◆ TASK GOAL ◆
Nothing but the lines from the one containing "then obtain m" through the end of the data below may appear in the response, each one exact.

◆ GIVEN RECORDS ◆
---

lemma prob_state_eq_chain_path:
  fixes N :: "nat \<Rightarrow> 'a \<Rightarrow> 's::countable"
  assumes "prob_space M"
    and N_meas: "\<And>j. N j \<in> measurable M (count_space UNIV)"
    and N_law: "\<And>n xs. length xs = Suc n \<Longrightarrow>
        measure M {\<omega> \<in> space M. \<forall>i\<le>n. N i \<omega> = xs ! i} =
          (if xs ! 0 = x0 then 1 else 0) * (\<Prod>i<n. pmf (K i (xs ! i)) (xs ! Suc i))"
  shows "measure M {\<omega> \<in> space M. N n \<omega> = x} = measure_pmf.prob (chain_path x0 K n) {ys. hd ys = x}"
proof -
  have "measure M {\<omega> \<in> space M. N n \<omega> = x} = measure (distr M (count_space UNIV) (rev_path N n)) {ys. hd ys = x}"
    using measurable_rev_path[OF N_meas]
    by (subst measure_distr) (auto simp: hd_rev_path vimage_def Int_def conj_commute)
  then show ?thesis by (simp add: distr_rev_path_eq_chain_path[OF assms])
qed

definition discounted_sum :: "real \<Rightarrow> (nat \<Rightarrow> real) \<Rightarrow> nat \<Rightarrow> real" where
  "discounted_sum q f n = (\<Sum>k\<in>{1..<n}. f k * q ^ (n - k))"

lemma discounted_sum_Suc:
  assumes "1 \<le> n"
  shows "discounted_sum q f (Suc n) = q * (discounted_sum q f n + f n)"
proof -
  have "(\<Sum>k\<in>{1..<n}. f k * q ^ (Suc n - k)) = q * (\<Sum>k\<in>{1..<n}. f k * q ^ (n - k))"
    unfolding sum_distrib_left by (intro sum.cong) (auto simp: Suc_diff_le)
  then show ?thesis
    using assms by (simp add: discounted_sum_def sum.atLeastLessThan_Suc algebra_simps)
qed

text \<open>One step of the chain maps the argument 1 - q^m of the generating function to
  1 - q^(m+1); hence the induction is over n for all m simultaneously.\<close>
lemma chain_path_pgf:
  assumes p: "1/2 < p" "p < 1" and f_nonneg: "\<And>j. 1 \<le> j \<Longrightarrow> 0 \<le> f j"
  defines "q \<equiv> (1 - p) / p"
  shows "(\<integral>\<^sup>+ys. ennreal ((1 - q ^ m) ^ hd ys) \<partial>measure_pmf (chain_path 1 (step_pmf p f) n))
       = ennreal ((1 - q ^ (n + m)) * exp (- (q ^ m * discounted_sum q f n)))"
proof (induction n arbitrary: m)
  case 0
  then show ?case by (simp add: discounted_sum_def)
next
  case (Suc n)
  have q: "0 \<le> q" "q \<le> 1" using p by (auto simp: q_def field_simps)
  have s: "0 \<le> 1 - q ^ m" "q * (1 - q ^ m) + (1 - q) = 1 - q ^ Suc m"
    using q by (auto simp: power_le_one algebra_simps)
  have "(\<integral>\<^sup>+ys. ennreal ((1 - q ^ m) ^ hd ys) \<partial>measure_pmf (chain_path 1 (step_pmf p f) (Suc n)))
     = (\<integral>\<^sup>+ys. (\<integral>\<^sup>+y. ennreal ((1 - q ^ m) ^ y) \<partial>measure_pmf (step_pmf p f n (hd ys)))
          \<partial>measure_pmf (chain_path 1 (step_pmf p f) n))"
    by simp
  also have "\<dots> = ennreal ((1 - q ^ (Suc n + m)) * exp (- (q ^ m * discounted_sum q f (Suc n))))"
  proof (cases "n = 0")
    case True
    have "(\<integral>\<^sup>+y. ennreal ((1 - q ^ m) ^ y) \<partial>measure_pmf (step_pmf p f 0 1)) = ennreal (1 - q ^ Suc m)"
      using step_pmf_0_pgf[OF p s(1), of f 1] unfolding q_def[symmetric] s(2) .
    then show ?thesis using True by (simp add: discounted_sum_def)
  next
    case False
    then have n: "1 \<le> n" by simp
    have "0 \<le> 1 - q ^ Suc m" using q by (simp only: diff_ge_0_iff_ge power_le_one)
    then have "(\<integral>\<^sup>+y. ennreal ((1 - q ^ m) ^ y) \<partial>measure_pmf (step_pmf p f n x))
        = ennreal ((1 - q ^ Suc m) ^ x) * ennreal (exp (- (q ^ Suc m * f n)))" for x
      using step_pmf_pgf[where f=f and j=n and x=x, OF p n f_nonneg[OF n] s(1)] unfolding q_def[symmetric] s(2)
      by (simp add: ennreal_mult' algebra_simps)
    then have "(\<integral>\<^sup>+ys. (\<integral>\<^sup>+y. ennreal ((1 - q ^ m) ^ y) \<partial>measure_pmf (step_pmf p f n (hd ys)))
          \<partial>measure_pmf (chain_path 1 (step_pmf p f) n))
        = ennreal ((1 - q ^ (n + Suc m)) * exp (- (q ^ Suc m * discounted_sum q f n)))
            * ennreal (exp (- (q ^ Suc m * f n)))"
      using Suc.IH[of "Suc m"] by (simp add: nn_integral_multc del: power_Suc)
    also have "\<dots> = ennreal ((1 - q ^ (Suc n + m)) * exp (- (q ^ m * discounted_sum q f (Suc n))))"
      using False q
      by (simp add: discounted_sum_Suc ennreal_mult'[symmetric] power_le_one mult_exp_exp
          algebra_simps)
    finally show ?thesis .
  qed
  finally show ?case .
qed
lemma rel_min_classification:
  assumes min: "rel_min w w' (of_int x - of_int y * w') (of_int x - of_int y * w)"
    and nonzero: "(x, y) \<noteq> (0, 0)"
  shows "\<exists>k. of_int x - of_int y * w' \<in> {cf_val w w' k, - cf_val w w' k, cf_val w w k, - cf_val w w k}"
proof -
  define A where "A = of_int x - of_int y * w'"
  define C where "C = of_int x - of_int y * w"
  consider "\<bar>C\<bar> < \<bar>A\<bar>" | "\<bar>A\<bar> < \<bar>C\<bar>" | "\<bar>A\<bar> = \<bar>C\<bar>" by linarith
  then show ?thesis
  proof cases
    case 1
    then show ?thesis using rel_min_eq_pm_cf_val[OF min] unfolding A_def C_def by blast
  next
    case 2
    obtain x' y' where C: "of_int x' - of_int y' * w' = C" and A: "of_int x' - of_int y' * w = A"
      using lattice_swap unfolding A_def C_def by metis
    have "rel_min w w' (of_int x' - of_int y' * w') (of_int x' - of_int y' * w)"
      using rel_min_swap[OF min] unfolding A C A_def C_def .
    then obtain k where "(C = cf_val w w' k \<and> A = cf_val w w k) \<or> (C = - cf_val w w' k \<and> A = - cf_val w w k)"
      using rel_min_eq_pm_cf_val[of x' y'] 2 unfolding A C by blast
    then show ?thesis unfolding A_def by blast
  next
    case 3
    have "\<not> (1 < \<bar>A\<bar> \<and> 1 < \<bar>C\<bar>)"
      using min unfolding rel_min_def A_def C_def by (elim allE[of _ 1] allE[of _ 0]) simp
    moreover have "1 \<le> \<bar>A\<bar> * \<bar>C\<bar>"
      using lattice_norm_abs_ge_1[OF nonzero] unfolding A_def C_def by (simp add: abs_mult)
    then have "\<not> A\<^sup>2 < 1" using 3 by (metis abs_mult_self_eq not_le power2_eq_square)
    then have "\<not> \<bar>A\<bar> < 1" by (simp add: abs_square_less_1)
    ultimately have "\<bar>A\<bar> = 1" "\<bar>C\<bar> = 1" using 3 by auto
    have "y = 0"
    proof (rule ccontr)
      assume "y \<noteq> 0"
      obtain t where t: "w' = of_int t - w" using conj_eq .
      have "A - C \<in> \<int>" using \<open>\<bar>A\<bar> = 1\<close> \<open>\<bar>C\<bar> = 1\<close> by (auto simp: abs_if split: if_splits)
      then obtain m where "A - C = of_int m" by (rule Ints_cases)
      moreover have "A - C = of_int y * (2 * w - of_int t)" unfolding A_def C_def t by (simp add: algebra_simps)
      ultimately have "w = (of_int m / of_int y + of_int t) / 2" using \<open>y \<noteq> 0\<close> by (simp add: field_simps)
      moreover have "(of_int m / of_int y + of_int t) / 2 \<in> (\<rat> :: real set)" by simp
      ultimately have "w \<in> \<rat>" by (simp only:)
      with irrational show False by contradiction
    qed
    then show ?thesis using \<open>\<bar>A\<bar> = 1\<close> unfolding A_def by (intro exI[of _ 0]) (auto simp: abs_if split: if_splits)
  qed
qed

---

◆ WORKED SOLUTION ◆
      then obtain m where "A - C = of_int m" by (rule Ints_cases)
      moreover have "A - C = of_int y * (2 * w - of_int t)" unfolding A_def C_def t by (simp add: algebra_simps)
      ultimately have "w = (of_int m / of_int y + of_int t) / 2" using \<open>y \<noteq> 0\<close> by (simp add: field_simps)
      moreover have "(of_int m / of_int y + of_int t) / 2 \<in> (\<rat> :: real set)" by simp
      ultimately have "w \<in> \<rat>" by (simp only:)
      with irrational show False by contradiction
    qed
    then show ?thesis using \<open>\<bar>A\<bar> = 1\<close> unfolding A_def by (intro exI[of _ 0]) (auto simp: abs_if split: if_splits)
  qed
qed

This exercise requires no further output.